While the 8,800-seat arena routinely features shows with stage rigging from both the ground up and the ceiling down, the Miss Universe Organization’s elaborate production uses a modern type of ceiling-down apparatus that must bear especially heavy weight. To accommodate such a show, city officials said, the arena must undergo a major renovation.
Consequently pageant organizers are now looking elsewhere for the November event. Australia, the Philippines and Las Vegas had also been contenders to host it. And the Chamber of Commerce of Hawaii is rightly bemoaning the city’s severed negotiations as a missed opportunity to “showcase Hawaii to an international audience” as contestants represent scores of countries and the pageant is watched by more than half a billion people.
However, the rebuff also underscores the growing need to follow through with Honolulu Hale’s ongoing efforts to draft a land use plan for repairs and redevelopment at the 22-acre complex — arena, concert hall and exhibition area — that opened in 1964 and draws an annual total of some 800,000 people to events.
A conceptual proposal calls for extending Victoria Street down to Kapiolani Boulevard, building a new exhibition hall, renovating both the arena and the concert hall, and creating more parking spaces. City officials estimate the cost for what would be the complex’s first major overhaul at between $300 million and $400 million, but a timeline and funding source have yet to be set.
Extending Victoria Street, which currently leads into the mauka entrance of the Blaisdell parking lot at South King Street, would require leveling the existing parking structure. But the plan also calls for two new parking structures that would house a total of 2,000 stalls. (The complex now has 1,500 stalls.)
Also, scattered throughout the complex would be lawn areas and water features the city now pitches as a potential “park-like setting” envisioned as both visitor destination and neighborhood amenity. The open areas fronting buildings could serve as striking features in the development of a flowing, integrated corridor bounded by Blaisdell on King Street and the Honolulu Museum of Art on Beretania Street.

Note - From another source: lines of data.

(* For the invertible $N$-component coupled Harry Dym hierarchy (defined in the context), the vector fields $K_i$ and the one-forms $\gamma_i$ are local for all integers $i\ge0$.
   Context: Let $N\ge1$, $\partial=\partial/\partial x$, $\partial^{-1}$ a formal inverse of $\partial$. Let $u_1,\dots,u_N$ be smooth functions of $(x,t)$ (the fields), set $u_0=0$, and let $\varepsilon_0\neq0,\varepsilon_1,\dots,\varepsilon_{N-1}$ be real constants with $\varepsilon_N=0$. Put $J_i=\frac14\varepsilon_i\partial^3+\frac12(u_i\partial+\partial u_i)$, so $J_0=\frac14\varepsilon_0\partial^3$ and $J_N=\frac12(u_N\partial+\partial u_N)=u_N^{1/2}\partial u_N^{1/2}$, both invertible ($J_N^{-1}=u_N^{-1/2}\partial^{-1}u_N^{-1/2}$). Formal adjoint: $\partial^\dagger=-\partial$, multiplication operators self-adjoint, $(AB)^\dagger=B^\dagger A^\dagger$, transpose for matrices. Let $B_0$ be the $N\times N$ matrix with $(B_0)_{ij}=-J_{i+j-1}$ if $i+j-1\le N$ and $0$ otherwise, and $R$ the $N\times N$ matrix with $R_{ij}=\delta_{i,j+1}$ ($1\le j\le N-1$), $R_{iN}=-J_{i-1}J_N^{-1}$; $R$ is invertible, and $B_r:=R^rB_0$ ($r\in\mathbf Z$). One-forms: $\gamma_0=(0,\dots,0,u_N^{-1/2})^T$, $\gamma_{-1}=(-2,0,\dots,0)^T$, $\gamma_s=(R^\dagger)^s\gamma_0$, $\gamma_{-s}=((R^{-1})^\dagger)^{s-1}\gamma_{-1}$ ($s\ge1$). Vector fields (the flows $u_{t_s}=K_s$): $K_{-s}:=B_r\gamma_{-r-s}$ ($s\ge1$, any $r>-s$) and $K_s:=B_r\gamma_{-r+s+N}$ ($s\ge0$, any $r\le s+N$), independent of $r$; in particular $K_s=B_N\gamma_s=B_0\gamma_{s+N}$, $K_s=R^sK_0$. A vector field or one-form is local if each component is a function of $u_1,\dots,u_N$ and finitely many of their $x$-derivatives (no $\partial^{-1}$ appears). *)

theory Defs
  imports "HOL-Analysis.Analysis"
begin

text \<open>Fields: u :: nat => real => real, u j the j-th field (as a function of x;
  the time variable plays no role for locality). A jet is the list of all
  x-derivatives of all fields at a point: j k |-> u_j^(k)(x).\<close>

type_synonym jet = "nat \<Rightarrow> nat \<Rightarrow> real"

definition smooth_fun :: "(real \<Rightarrow> real) \<Rightarrow> bool" where
  "smooth_fun f \<longleftrightarrow> (\<forall>k x. (deriv ^^ k) f differentiable (at x))"

definition jet_of :: "(nat \<Rightarrow> real \<Rightarrow> real) \<Rightarrow> real \<Rightarrow> jet" where
  "jet_of u x = (\<lambda>j k. (deriv ^^ k) (u j) x)"

definition ev :: "(jet \<Rightarrow> real) \<Rightarrow> (nat \<Rightarrow> real \<Rightarrow> real) \<Rightarrow> real \<Rightarrow> real" where
  "ev F u = (\<lambda>x. F (jet_of u x))"

definition is_local :: "nat \<Rightarrow> (jet \<Rightarrow> real) \<Rightarrow> bool" where
  "is_local N F \<longleftrightarrow>
     (\<exists>m. \<forall>a b. (\<forall>j\<in>{1..N}. \<forall>k\<le>m. a j k = b j k) \<longrightarrow> F a = F b)"

text \<open>Admissible field configurations: u_0 = 0, u_1..u_N smooth, u_N > 0
  (so that u_N^(1/2), u_N^(-1/2) make sense).\<close>
definition admissible :: "nat \<Rightarrow> (nat \<Rightarrow> real \<Rightarrow> real) \<Rightarrow> bool" where
  "admissible N u \<longleftrightarrow> u 0 = (\<lambda>x. 0) \<and> (\<forall>j\<in>{1..N}. smooth_fun (u j)) \<and> (\<forall>x. 0 < u N x)"

definition local_field :: "nat \<Rightarrow> (nat \<Rightarrow> jet \<Rightarrow> real) \<Rightarrow> bool" where
  "local_field N G \<longleftrightarrow>
     (\<forall>i\<in>{1..N}. is_local N (G i) \<and> (\<forall>u. admissible N u \<longrightarrow> smooth_fun (ev (G i) u)))"

definition Jop :: "(nat \<Rightarrow> real) \<Rightarrow> (nat \<Rightarrow> real \<Rightarrow> real) \<Rightarrow> nat \<Rightarrow> (real \<Rightarrow> real) \<Rightarrow> real \<Rightarrow> real" where
  "Jop eps u i f = (\<lambda>x. eps i / 4 * (deriv ^^ 3) f x
                         + (u i x * deriv f x + deriv (\<lambda>y. u i y * f y) x) / 2)"

text \<open>The one-forms gamma_s (s >= 0): gamma_0 = (0,..,0,u_N^(-1/2)) and
  gamma_(s+1) = R^dagger gamma_s, i.e. (gamma_(s+1))_j = (gamma_s)_(j+1) for j<N and
  J_N (gamma_(s+1))_N = - sum_(i=1..N) J_(i-1) (gamma_s)_i
  (this is how the formal inverse J_N^(-1) in R^dagger is realised).\<close>
definition gamma_chain :: "nat \<Rightarrow> (nat \<Rightarrow> real) \<Rightarrow> (nat \<Rightarrow> nat \<Rightarrow> jet \<Rightarrow> real) \<Rightarrow> bool" where
  "gamma_chain N eps \<Gamma> \<longleftrightarrow>
    (\<forall>u. admissible N u \<longrightarrow>
      (\<forall>i\<in>{1..N}. ev (\<Gamma> 0 i) u = (\<lambda>x. if i = N then 1 / sqrt (u N x) else 0)) \<and>
      (\<forall>s. (\<forall>j\<in>{1..<N}. ev (\<Gamma> (Suc s) j) u = ev (\<Gamma> s (Suc j)) u) \<and>
           Jop eps u N (ev (\<Gamma> (Suc s) N) u) =
             (\<lambda>x. - (\<Sum>i=1..N. Jop eps u (i - 1) (ev (\<Gamma> s i) u) x))))"

text \<open>The vector fields K_s (s >= 0): K_s = B_0 gamma_(s+N), where
  (B_0 g)_i = - sum_(j=1..N+1-i) J_(i+j-1) g_j; and also K_(s+1) = R K_s, where
  (R K)_i = [i>=2] K_(i-1) - J_(i-1) J_N^(-1) K_N (with some choice of J_N^(-1) K_N).\<close>
definition K_chain :: "nat \<Rightarrow> (nat \<Rightarrow> real) \<Rightarrow> (nat \<Rightarrow> nat \<Rightarrow> jet \<Rightarrow> real)
                        \<Rightarrow> (nat \<Rightarrow> nat \<Rightarrow> jet \<Rightarrow> real) \<Rightarrow> bool" where
  "K_chain N eps \<Gamma> K \<longleftrightarrow>
    (\<forall>u. admissible N u \<longrightarrow>
      (\<forall>s. \<forall>i\<in>{1..N}. ev (K s i) u =
          (\<lambda>x. - (\<Sum>j=1..N + 1 - i. Jop eps u (i + j - 1) (ev (\<Gamma> (s + N) j) u) x))) \<and>
      (\<forall>s. \<exists>w. smooth_fun w \<and> Jop eps u N w = ev (K s N) u \<and>
          (\<forall>i\<in>{1..N}. ev (K (Suc s) i) u =
             (\<lambda>x. (if 2 \<le> i then ev (K s (i - 1)) u x else 0) - Jop eps u (i - 1) w x))))"

end

theory Submission
  imports Defs
begin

Situated in the center, Thomas Square is undergoing $1.18 million in landscaping-focused upgrades. Also in the works are city plans for a statue of King Kamehameha III. The 6.5-acre park is the site where British Rear Adm. Richard Thomas read a declaration that ended a five-month seizure of the islands, restoring the monarch and sovereignty to the Hawaiian Kingdom on July 31, 1843.
Mayor Kirk Caldwell had proposed transferring care of the park from the city’s Department of Parks and Recreation to the Department of Enterprise Services (DES), which runs pay-to-enter sites such as the Blaisdell complex, the Honolulu Zoo, municipal golf courses and the Waikiki Shell. But last month the City Council shot down the effort, citing concerns that the move could commercialize much-needed urban green space.
The overdue Blaisdell redevelopment plan has potential to help revitalize the complex as well as neighboring areas, such as Thomas Square. What’s more, the plan aims to modernize the arena with a grid that can handle extravaganzas such as the Miss Universe pageant. While an effort to bring the show here to mark the 20th anniversary of when Hawaii’s Brook Lee was crowned in 1997 is now dashed, perhaps organizers could reschedule for, say, the 25th anniversary.